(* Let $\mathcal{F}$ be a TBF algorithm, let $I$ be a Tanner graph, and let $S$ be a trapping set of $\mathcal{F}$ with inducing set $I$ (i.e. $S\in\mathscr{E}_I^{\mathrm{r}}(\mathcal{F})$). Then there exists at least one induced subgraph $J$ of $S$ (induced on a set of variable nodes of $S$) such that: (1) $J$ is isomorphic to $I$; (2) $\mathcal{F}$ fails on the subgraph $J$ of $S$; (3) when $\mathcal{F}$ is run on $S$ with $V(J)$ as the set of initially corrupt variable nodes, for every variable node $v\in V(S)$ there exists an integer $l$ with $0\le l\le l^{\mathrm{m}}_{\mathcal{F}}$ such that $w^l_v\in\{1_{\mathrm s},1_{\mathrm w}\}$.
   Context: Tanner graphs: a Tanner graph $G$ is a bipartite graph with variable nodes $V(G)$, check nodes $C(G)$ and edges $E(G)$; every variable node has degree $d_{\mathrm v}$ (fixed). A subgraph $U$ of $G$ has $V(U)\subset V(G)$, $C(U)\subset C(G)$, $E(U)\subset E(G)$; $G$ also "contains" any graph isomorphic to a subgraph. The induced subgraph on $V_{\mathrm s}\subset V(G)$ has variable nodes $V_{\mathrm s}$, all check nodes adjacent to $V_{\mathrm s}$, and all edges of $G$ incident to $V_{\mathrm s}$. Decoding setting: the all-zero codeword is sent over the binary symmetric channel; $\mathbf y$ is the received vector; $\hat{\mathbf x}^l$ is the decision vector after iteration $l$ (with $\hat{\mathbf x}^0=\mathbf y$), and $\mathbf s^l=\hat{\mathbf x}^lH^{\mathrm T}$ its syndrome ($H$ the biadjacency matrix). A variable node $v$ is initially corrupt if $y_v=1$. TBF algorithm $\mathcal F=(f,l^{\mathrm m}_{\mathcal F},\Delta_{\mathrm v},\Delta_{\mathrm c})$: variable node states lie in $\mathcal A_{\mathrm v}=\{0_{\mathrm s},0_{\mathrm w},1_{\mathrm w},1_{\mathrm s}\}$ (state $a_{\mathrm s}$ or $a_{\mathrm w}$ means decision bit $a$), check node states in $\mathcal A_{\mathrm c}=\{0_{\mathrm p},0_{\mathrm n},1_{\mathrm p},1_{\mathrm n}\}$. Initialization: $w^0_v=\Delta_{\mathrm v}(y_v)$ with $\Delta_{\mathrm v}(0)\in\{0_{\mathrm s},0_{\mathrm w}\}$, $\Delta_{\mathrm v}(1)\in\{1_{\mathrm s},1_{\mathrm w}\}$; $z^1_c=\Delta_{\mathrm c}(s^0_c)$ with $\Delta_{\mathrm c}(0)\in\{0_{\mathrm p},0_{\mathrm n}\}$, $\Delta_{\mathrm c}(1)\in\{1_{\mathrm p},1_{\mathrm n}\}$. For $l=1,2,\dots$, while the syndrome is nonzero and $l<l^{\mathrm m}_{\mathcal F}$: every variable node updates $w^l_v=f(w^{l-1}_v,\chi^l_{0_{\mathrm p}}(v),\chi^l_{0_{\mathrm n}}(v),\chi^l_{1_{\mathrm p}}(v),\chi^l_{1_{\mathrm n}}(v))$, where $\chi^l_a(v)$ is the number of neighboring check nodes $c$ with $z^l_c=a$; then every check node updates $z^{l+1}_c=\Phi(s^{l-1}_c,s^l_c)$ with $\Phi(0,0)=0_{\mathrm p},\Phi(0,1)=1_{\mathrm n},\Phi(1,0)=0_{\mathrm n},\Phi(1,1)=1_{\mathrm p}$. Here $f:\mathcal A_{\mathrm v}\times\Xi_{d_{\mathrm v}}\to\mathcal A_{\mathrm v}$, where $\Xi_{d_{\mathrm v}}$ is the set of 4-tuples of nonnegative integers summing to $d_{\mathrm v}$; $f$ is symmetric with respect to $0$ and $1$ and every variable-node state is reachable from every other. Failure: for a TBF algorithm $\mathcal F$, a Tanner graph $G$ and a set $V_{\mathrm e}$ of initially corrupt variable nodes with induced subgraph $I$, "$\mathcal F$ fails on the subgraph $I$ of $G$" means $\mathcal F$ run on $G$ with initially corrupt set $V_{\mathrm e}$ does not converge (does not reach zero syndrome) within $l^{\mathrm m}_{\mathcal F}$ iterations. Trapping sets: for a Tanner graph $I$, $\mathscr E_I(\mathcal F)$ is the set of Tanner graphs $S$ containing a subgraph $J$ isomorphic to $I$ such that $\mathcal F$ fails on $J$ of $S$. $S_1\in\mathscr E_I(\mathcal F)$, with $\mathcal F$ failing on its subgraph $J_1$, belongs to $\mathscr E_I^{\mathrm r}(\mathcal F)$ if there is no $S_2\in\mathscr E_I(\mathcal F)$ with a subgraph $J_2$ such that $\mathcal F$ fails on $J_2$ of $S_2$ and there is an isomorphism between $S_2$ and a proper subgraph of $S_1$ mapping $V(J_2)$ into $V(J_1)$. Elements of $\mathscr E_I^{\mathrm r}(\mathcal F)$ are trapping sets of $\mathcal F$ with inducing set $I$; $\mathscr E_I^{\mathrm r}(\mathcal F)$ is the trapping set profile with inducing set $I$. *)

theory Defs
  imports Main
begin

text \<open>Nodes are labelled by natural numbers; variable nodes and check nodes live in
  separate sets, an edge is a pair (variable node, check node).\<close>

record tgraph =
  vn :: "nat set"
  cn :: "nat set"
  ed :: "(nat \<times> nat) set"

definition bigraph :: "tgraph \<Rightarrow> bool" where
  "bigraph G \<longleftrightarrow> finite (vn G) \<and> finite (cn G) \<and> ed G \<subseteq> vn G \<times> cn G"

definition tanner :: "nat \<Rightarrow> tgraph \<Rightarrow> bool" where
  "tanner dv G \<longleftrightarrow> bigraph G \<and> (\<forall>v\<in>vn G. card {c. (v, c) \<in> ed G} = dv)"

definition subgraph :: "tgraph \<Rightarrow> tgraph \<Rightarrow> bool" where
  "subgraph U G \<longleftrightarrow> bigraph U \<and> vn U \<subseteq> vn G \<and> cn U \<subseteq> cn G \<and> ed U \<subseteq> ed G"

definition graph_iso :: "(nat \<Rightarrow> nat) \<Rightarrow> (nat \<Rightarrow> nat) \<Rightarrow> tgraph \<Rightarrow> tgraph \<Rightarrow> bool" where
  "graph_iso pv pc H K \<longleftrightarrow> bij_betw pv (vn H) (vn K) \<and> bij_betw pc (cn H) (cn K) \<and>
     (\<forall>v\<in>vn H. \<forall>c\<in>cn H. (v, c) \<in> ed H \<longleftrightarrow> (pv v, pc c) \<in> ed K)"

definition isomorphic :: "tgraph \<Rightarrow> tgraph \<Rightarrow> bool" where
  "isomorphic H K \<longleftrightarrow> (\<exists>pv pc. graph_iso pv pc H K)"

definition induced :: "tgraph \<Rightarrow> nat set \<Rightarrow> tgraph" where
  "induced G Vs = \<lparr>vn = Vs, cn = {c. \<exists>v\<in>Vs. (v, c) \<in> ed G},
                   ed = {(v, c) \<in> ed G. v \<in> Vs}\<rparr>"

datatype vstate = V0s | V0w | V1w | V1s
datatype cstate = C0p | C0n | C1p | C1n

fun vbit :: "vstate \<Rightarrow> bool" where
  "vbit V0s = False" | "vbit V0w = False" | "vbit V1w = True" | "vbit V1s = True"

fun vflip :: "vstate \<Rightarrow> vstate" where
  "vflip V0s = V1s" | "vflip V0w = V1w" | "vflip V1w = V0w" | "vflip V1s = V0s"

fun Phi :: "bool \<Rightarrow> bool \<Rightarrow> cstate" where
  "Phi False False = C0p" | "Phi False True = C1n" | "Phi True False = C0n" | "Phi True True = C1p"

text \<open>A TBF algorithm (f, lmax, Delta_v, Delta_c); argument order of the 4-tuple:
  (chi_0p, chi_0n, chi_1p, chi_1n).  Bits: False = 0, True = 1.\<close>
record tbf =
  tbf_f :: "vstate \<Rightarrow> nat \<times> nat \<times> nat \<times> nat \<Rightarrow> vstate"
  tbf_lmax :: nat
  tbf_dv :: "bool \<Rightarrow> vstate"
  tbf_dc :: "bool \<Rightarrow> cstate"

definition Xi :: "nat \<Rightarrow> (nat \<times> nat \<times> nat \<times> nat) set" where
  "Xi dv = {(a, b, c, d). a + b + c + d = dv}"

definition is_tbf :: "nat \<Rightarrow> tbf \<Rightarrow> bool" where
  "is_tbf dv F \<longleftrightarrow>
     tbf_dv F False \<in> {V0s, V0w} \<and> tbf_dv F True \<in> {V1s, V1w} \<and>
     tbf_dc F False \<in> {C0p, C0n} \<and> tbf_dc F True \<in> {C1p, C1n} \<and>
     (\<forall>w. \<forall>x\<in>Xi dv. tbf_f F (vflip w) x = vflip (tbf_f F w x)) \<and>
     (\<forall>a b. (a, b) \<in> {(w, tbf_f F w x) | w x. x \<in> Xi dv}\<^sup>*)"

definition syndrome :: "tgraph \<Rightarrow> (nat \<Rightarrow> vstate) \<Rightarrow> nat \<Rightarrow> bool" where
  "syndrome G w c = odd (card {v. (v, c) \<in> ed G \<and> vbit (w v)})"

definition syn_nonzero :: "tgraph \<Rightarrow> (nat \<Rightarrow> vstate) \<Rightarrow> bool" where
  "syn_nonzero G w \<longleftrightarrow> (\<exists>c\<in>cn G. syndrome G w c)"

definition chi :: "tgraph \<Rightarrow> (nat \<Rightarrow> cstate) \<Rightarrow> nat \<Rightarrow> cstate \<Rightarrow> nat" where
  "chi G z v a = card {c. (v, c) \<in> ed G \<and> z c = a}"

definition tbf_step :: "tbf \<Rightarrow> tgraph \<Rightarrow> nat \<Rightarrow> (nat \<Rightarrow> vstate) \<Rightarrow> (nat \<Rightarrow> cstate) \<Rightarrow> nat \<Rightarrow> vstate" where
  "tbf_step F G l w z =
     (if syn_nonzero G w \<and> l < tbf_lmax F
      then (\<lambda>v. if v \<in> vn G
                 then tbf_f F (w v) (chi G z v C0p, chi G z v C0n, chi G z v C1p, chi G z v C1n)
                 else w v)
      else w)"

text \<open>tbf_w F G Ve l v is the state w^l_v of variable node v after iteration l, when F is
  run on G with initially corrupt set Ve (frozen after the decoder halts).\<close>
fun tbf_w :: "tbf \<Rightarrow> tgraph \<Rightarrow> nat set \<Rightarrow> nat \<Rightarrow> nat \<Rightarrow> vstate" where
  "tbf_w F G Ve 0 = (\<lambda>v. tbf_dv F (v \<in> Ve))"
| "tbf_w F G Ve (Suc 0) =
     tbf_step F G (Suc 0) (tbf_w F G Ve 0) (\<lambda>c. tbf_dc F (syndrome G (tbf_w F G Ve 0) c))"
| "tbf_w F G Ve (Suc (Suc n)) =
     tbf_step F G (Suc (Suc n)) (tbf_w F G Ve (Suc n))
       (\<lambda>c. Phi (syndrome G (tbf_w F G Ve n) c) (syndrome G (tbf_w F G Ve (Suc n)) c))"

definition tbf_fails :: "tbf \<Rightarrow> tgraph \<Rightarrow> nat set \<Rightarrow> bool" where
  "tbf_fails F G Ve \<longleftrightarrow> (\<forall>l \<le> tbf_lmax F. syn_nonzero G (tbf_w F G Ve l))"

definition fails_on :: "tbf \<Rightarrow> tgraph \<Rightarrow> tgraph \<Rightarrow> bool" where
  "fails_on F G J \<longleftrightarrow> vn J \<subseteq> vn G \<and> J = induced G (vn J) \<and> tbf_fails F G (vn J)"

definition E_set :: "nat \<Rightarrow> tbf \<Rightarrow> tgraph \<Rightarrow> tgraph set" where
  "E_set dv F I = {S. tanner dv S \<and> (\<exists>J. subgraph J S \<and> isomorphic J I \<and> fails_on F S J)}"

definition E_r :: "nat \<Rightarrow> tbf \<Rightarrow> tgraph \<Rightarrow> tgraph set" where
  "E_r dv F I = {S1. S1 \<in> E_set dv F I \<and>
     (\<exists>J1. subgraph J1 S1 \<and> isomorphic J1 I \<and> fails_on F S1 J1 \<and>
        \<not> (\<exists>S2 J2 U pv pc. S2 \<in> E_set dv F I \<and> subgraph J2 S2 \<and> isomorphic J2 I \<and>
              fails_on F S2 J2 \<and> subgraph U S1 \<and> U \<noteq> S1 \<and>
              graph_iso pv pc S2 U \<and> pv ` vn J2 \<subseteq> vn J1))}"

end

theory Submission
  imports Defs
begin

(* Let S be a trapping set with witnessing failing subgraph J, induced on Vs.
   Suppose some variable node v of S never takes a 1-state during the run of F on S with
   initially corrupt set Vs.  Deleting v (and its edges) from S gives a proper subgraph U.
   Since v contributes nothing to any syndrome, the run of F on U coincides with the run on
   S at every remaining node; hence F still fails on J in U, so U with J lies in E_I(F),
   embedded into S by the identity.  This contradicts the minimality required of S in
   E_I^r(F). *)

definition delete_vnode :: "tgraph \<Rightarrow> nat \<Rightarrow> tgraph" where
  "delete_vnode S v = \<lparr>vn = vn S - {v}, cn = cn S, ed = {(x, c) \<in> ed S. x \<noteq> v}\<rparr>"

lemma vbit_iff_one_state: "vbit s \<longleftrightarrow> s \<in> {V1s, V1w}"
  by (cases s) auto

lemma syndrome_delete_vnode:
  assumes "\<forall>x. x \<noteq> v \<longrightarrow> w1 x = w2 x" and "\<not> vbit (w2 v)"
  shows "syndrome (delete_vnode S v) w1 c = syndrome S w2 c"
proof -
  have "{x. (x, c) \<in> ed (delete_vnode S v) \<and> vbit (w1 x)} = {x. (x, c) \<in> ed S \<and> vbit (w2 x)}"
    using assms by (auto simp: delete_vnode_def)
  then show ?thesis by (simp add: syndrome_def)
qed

• • •

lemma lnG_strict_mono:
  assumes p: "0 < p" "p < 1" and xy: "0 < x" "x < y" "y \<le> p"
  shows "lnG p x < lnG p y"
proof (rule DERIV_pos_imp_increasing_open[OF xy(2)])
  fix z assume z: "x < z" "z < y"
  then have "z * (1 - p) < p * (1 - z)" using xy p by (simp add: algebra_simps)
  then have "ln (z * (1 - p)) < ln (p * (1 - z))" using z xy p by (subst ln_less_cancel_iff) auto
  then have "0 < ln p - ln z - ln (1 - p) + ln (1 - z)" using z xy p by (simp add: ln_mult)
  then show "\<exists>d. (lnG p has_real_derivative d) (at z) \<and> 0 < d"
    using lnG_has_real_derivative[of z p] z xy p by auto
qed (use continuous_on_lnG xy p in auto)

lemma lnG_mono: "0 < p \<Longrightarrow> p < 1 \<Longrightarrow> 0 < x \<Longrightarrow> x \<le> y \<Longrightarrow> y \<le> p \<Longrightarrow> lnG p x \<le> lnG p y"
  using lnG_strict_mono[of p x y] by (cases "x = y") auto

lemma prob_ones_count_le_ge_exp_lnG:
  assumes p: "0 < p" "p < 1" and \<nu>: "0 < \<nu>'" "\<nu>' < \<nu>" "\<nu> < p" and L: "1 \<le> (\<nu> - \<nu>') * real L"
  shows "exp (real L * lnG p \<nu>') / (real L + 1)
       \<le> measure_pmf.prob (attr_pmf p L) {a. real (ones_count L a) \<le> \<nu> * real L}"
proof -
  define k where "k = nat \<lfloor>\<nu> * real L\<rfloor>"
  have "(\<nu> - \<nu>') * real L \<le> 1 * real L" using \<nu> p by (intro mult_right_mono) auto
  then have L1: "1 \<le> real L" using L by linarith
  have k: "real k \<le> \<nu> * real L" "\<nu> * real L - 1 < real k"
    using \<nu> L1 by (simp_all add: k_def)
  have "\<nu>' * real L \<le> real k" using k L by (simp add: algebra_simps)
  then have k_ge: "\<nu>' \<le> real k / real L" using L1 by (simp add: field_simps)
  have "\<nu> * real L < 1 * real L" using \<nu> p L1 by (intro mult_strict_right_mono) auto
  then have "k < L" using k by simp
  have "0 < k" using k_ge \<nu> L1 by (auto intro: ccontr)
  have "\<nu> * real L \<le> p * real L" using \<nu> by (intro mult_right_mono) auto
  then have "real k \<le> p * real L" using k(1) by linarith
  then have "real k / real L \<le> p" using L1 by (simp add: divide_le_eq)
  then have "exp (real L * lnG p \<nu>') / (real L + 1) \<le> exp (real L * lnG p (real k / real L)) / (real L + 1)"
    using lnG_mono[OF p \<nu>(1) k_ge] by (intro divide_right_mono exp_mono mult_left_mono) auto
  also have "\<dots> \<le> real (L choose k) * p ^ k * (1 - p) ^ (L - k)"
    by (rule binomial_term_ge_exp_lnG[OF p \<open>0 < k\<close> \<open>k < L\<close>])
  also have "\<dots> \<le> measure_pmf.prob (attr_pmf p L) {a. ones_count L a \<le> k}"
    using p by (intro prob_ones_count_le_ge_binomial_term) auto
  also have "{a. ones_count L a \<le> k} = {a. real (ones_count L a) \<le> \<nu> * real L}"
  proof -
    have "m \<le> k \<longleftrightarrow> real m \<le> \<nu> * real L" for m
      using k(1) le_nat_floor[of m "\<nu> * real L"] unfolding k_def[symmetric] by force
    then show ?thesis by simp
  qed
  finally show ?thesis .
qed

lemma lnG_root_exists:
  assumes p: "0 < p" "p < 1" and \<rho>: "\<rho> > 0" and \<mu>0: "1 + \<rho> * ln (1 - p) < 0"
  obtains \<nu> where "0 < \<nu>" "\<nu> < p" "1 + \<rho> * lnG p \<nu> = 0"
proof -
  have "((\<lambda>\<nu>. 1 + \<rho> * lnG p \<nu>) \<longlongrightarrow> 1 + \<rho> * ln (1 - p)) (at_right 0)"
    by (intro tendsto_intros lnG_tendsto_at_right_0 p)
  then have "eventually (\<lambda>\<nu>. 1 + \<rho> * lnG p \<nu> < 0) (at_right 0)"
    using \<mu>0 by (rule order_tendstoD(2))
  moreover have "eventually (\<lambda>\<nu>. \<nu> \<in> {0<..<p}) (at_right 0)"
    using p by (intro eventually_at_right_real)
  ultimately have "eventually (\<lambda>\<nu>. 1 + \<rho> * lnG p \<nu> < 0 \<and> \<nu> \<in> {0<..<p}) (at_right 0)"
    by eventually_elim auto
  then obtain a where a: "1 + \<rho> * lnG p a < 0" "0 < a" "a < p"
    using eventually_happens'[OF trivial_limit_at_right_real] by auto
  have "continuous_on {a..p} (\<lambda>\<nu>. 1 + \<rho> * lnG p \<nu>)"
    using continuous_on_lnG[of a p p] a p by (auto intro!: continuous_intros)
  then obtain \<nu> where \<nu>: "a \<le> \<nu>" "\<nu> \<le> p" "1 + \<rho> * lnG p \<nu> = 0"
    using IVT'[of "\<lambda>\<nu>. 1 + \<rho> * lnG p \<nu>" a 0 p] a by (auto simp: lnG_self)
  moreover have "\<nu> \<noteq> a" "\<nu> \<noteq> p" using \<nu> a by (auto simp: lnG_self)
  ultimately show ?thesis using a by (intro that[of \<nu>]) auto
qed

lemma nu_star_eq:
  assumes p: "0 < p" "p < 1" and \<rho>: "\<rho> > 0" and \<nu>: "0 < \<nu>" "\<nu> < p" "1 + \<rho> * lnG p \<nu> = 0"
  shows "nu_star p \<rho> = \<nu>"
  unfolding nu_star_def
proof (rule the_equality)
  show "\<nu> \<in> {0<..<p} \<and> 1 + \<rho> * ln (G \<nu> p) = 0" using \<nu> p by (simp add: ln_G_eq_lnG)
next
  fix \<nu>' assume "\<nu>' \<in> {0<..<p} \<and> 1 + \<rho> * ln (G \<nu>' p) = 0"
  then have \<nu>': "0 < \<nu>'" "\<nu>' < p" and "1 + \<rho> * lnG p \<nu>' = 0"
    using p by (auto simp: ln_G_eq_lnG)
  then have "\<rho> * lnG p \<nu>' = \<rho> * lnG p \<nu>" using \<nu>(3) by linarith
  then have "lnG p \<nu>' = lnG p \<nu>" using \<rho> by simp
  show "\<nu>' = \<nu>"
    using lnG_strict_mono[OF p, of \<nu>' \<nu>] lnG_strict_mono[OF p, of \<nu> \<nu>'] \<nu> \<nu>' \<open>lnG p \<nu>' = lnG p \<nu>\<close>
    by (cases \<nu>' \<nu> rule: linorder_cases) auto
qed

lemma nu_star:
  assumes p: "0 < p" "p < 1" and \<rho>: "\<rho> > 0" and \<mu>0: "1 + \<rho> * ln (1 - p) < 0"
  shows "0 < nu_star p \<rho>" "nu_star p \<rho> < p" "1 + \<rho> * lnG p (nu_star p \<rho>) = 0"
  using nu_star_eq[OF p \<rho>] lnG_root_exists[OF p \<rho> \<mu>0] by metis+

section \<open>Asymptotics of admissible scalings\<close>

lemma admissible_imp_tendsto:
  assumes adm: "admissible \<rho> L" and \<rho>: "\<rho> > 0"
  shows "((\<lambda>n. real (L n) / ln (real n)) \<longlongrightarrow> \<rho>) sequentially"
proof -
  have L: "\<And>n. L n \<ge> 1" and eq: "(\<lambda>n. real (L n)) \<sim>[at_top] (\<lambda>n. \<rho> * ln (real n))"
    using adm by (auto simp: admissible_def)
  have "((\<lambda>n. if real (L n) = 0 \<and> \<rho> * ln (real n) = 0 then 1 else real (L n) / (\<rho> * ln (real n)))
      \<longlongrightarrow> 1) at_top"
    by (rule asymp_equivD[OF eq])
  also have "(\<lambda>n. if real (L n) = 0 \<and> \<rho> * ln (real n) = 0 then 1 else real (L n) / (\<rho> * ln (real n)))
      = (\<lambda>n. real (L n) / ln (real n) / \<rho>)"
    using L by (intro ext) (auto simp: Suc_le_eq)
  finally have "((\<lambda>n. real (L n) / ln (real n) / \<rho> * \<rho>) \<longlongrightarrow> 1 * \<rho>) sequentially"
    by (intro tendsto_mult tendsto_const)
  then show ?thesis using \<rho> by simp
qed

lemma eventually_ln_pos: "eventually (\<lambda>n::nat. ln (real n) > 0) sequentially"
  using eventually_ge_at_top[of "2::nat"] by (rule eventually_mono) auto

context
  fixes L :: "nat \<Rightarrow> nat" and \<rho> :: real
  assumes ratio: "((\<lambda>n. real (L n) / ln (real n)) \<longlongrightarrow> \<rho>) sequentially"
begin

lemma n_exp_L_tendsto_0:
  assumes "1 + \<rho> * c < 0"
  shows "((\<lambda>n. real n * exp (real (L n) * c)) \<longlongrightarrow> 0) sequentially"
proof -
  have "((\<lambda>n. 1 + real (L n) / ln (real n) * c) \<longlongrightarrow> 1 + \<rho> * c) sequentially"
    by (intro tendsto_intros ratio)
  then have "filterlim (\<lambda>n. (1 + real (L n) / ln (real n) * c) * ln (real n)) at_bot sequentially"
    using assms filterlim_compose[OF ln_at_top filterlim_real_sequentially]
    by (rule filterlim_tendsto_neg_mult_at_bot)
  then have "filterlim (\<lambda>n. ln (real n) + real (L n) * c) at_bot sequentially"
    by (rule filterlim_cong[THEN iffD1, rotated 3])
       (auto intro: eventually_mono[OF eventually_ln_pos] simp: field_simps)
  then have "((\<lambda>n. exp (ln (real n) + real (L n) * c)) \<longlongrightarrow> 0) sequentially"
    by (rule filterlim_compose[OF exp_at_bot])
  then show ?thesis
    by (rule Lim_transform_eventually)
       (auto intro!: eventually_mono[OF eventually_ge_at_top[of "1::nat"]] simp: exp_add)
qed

• • •

#### Directions
Filter the entries and copy out every line with the word "card".

#### Result for this task
  "tanner dv G \<longleftrightarrow> bigraph G \<and> (\<forall>v\<in>vn G. card {c. (v, c) \<in> ed G} = dv)"
  "syndrome G w c = odd (card {v. (v, c) \<in> ed G \<and> vbit (w v)})"
  "chi G z v a = card {c. (v, c) \<in> ed G \<and> z c = a}"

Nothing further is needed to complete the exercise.